Determine how many lines in the entries below hold "nodeF". Respond with that number only.

(Data Opens)

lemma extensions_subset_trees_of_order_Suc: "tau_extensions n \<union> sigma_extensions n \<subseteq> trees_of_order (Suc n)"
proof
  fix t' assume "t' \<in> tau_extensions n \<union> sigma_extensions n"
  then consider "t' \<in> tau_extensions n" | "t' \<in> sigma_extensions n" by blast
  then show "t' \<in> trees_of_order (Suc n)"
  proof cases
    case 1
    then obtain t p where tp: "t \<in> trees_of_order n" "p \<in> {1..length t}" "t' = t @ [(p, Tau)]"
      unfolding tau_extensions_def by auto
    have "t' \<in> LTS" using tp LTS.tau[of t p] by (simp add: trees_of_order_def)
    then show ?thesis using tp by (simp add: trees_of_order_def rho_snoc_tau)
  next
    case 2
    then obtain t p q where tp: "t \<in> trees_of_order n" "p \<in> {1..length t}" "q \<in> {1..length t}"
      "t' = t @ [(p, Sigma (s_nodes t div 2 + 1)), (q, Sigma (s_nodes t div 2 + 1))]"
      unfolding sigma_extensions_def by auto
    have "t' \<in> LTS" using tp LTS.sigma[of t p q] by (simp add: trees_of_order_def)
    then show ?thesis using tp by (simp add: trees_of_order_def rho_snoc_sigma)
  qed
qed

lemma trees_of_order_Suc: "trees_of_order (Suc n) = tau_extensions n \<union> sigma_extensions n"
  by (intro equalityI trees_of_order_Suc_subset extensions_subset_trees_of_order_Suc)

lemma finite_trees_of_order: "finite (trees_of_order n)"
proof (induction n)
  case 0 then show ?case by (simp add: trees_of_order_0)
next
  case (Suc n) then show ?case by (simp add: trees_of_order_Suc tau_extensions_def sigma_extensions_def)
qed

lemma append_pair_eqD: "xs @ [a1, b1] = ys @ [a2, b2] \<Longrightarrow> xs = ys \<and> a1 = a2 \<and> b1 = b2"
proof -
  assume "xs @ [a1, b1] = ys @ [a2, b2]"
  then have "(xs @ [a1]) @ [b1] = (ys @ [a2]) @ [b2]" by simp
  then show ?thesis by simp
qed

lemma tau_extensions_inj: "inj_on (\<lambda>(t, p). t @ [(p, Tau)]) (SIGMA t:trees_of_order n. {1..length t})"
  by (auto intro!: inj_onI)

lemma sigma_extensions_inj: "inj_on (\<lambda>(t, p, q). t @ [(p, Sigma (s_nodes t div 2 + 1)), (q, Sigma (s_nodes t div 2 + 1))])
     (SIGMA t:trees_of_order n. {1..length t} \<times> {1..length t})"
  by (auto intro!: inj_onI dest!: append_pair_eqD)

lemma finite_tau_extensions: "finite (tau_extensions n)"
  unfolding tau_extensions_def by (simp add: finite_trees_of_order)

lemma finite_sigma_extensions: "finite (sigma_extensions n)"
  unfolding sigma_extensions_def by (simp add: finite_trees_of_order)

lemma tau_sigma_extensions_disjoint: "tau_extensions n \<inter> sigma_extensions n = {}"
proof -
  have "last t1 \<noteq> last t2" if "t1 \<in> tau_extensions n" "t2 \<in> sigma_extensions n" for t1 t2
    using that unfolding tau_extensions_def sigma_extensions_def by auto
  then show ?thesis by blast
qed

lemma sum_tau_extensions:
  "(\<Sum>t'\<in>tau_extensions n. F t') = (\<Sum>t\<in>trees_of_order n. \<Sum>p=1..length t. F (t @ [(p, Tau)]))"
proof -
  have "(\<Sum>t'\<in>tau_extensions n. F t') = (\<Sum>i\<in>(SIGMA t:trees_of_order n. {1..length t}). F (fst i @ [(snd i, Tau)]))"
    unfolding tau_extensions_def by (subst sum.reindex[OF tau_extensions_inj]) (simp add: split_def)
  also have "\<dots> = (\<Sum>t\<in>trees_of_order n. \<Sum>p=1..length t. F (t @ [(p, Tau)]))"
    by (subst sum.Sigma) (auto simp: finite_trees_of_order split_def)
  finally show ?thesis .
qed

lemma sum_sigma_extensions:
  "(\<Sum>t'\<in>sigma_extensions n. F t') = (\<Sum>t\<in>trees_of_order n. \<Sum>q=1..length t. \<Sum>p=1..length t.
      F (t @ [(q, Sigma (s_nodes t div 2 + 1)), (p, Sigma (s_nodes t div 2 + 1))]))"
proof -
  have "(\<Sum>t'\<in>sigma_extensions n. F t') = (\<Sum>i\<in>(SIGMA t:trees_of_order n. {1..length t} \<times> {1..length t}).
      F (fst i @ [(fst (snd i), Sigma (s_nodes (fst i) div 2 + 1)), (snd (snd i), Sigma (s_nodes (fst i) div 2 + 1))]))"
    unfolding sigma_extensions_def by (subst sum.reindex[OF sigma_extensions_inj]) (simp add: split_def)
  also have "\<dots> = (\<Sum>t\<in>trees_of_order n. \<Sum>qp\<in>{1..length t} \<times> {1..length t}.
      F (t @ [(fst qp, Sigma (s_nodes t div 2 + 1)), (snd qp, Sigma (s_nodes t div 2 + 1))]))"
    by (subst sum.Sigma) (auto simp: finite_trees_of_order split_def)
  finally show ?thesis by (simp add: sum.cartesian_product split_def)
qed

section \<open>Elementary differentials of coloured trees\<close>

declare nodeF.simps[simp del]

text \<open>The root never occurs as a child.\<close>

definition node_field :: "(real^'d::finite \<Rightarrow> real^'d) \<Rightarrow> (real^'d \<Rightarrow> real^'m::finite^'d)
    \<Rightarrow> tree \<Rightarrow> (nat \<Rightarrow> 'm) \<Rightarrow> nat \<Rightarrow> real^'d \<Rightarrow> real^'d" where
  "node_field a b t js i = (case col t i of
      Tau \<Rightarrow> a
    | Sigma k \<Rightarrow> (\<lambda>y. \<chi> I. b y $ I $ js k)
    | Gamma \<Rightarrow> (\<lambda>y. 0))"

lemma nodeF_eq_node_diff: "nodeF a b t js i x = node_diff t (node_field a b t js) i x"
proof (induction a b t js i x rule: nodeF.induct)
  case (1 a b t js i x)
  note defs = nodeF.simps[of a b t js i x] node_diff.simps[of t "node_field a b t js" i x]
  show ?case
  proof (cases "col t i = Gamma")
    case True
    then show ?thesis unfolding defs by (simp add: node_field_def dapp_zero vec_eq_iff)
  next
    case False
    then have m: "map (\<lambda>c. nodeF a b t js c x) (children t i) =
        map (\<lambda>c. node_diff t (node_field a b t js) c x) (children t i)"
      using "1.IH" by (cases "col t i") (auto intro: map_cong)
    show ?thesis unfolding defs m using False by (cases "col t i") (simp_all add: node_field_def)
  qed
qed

(Data Closes)
(Data Opens)

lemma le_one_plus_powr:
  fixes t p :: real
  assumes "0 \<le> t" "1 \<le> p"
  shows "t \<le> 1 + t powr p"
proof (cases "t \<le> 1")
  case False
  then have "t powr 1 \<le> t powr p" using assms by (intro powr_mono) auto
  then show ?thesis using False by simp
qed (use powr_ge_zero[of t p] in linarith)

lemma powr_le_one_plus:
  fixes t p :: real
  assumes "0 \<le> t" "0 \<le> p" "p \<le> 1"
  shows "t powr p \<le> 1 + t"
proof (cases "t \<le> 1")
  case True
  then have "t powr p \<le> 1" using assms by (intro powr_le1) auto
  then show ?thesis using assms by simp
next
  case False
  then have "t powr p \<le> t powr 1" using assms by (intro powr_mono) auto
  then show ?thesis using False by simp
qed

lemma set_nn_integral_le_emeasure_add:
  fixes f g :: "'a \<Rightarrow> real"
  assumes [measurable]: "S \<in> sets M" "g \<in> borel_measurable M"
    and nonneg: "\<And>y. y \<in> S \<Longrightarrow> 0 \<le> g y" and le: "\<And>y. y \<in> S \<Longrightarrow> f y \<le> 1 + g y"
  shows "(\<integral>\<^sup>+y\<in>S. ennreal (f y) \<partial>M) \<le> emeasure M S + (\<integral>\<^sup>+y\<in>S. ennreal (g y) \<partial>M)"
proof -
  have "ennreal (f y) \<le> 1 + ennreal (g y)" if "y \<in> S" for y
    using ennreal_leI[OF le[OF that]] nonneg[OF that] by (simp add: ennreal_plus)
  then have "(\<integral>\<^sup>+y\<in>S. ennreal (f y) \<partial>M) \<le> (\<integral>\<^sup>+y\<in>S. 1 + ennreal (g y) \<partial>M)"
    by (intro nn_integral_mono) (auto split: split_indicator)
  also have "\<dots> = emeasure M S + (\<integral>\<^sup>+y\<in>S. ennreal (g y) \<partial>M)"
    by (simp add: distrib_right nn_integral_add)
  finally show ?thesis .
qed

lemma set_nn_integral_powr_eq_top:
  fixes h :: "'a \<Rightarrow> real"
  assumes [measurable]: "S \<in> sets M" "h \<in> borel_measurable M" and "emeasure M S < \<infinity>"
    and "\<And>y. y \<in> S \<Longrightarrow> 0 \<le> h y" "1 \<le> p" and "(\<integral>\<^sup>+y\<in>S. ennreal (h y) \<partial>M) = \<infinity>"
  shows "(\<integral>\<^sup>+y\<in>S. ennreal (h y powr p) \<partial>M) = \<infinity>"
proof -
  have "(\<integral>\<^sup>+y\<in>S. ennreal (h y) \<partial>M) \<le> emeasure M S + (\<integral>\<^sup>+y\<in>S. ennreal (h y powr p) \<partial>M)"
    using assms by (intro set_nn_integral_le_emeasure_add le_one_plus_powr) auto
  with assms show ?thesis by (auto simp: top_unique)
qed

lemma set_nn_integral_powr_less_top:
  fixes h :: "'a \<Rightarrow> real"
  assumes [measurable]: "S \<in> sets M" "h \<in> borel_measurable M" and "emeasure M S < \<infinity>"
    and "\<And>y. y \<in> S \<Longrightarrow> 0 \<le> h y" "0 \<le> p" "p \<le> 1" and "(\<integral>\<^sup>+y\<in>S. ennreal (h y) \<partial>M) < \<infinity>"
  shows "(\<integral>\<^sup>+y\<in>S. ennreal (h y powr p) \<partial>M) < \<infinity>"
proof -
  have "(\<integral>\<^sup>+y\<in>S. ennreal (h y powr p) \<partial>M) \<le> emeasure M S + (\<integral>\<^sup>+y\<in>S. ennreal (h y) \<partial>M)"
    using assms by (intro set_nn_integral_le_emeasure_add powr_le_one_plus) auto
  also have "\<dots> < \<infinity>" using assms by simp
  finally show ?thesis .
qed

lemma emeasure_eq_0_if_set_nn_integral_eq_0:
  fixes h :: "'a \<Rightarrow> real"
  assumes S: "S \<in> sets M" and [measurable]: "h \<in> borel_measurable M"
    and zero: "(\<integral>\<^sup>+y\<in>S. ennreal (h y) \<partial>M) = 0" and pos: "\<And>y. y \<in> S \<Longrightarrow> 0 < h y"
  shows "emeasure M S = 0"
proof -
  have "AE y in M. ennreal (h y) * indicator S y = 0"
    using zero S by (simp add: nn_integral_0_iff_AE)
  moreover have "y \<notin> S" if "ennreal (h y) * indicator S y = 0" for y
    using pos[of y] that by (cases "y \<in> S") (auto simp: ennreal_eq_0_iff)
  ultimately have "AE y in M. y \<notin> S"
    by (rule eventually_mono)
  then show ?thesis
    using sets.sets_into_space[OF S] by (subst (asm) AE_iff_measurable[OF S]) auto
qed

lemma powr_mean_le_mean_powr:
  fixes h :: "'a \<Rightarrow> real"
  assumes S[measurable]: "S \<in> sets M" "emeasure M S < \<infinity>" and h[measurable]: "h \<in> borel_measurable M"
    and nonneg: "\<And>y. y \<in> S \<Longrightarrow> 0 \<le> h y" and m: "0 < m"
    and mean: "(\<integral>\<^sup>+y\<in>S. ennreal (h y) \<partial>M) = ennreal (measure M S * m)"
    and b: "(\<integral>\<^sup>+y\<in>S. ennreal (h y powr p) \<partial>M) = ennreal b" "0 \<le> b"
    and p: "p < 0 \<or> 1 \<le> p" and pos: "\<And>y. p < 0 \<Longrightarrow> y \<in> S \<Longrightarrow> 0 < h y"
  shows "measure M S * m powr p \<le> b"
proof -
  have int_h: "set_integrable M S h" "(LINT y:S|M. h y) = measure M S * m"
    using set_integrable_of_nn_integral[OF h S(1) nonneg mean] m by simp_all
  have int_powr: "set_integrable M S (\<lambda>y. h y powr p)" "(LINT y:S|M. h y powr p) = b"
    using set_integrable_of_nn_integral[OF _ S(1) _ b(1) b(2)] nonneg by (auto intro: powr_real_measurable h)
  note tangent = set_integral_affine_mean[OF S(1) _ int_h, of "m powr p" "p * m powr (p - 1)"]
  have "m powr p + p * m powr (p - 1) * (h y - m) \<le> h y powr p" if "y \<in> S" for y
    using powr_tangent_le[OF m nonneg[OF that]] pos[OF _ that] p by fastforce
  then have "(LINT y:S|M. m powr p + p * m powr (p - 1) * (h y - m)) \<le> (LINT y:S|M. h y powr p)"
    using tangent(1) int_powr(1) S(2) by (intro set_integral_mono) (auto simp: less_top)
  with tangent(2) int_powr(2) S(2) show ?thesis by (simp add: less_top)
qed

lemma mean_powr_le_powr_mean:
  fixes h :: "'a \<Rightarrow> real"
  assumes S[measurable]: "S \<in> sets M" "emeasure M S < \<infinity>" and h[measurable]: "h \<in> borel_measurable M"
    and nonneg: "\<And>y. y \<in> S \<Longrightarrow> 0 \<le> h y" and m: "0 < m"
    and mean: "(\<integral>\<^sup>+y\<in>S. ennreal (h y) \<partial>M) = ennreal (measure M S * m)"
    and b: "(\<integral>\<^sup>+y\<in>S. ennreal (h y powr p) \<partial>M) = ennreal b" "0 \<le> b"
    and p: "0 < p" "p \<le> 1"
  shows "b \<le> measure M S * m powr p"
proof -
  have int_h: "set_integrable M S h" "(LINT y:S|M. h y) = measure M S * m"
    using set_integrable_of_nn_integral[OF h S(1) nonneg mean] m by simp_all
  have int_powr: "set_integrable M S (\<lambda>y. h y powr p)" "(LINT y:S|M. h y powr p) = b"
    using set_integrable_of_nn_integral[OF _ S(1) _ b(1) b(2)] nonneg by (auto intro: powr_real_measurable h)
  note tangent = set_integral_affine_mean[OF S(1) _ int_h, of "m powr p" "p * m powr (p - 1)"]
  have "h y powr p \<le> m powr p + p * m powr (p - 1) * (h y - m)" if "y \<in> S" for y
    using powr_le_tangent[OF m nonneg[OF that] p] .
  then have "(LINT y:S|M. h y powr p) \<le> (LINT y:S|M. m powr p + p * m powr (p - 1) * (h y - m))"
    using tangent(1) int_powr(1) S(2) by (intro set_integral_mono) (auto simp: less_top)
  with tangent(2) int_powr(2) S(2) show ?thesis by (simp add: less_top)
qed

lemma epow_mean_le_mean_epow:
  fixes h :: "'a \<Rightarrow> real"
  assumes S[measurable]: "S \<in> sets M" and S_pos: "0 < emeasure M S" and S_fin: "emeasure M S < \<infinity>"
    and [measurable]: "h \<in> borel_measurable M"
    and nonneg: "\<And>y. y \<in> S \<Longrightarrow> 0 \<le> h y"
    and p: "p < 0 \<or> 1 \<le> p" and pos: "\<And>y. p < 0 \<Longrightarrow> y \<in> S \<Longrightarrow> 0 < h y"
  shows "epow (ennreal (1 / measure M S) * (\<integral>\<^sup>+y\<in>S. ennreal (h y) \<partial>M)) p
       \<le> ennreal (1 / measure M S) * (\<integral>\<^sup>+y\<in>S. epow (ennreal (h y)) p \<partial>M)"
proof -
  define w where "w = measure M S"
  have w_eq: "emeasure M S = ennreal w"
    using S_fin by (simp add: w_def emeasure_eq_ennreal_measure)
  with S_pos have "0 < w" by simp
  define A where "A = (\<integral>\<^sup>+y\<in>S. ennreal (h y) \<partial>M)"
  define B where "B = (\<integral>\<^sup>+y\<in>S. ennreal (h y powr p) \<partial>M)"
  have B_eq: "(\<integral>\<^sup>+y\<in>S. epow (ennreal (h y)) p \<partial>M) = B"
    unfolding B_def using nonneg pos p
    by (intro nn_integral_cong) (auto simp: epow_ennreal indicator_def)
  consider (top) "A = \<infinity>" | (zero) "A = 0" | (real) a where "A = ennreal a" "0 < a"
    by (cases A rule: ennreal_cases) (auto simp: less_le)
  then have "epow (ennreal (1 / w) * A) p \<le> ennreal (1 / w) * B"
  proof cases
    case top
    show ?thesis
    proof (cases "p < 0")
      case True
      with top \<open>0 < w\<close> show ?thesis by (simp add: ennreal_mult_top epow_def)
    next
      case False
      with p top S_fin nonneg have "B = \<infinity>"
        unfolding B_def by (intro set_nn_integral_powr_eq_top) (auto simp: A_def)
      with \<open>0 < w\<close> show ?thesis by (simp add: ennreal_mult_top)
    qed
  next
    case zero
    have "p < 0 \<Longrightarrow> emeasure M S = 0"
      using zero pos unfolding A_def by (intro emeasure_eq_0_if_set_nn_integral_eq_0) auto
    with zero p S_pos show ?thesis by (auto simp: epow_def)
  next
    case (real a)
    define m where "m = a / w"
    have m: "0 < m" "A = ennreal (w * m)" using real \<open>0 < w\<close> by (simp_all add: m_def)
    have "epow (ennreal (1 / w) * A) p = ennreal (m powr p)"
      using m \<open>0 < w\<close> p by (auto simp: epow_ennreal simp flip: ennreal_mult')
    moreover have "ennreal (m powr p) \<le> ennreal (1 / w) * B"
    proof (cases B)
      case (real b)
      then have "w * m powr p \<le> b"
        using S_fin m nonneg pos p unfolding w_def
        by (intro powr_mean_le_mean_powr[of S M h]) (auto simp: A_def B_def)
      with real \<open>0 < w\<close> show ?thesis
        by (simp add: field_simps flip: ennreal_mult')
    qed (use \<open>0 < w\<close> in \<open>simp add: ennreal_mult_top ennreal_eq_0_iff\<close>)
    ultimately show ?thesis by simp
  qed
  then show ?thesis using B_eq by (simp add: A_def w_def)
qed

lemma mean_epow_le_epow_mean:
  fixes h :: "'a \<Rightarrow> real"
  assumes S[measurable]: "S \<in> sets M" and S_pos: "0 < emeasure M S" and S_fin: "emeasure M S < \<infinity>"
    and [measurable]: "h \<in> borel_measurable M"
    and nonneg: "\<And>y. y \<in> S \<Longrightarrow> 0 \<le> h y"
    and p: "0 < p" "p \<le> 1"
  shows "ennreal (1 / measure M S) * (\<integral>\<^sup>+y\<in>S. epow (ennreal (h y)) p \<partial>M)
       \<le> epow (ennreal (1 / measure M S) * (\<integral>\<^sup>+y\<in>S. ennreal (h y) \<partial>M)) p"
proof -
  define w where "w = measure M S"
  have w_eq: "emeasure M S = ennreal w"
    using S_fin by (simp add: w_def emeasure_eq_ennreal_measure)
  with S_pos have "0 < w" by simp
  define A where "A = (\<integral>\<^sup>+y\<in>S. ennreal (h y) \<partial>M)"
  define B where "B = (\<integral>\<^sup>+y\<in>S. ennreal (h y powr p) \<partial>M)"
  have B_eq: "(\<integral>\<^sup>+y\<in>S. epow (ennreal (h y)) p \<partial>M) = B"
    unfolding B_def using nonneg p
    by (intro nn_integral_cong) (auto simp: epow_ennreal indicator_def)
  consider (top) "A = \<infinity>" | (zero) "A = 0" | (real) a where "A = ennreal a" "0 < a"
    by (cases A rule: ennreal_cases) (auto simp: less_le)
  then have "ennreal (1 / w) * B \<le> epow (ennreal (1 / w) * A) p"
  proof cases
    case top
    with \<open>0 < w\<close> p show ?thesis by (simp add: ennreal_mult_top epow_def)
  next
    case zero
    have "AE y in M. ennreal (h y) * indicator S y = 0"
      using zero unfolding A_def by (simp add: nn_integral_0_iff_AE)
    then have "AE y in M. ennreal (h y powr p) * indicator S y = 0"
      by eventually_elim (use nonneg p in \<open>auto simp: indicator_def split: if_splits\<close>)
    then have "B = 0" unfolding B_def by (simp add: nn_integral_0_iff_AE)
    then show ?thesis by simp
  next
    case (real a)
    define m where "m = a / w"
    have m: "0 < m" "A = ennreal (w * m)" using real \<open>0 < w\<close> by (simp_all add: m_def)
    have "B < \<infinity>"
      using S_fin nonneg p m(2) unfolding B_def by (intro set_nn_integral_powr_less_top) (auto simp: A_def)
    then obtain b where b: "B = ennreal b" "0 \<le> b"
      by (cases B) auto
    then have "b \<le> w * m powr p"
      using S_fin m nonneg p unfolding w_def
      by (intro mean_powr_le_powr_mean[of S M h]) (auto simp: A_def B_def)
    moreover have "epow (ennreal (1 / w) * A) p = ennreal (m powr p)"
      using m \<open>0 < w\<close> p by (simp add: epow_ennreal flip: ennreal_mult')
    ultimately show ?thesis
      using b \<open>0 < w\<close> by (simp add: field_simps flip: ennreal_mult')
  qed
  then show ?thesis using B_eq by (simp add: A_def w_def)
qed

(Data Closes)

**Result of the exercise:**
5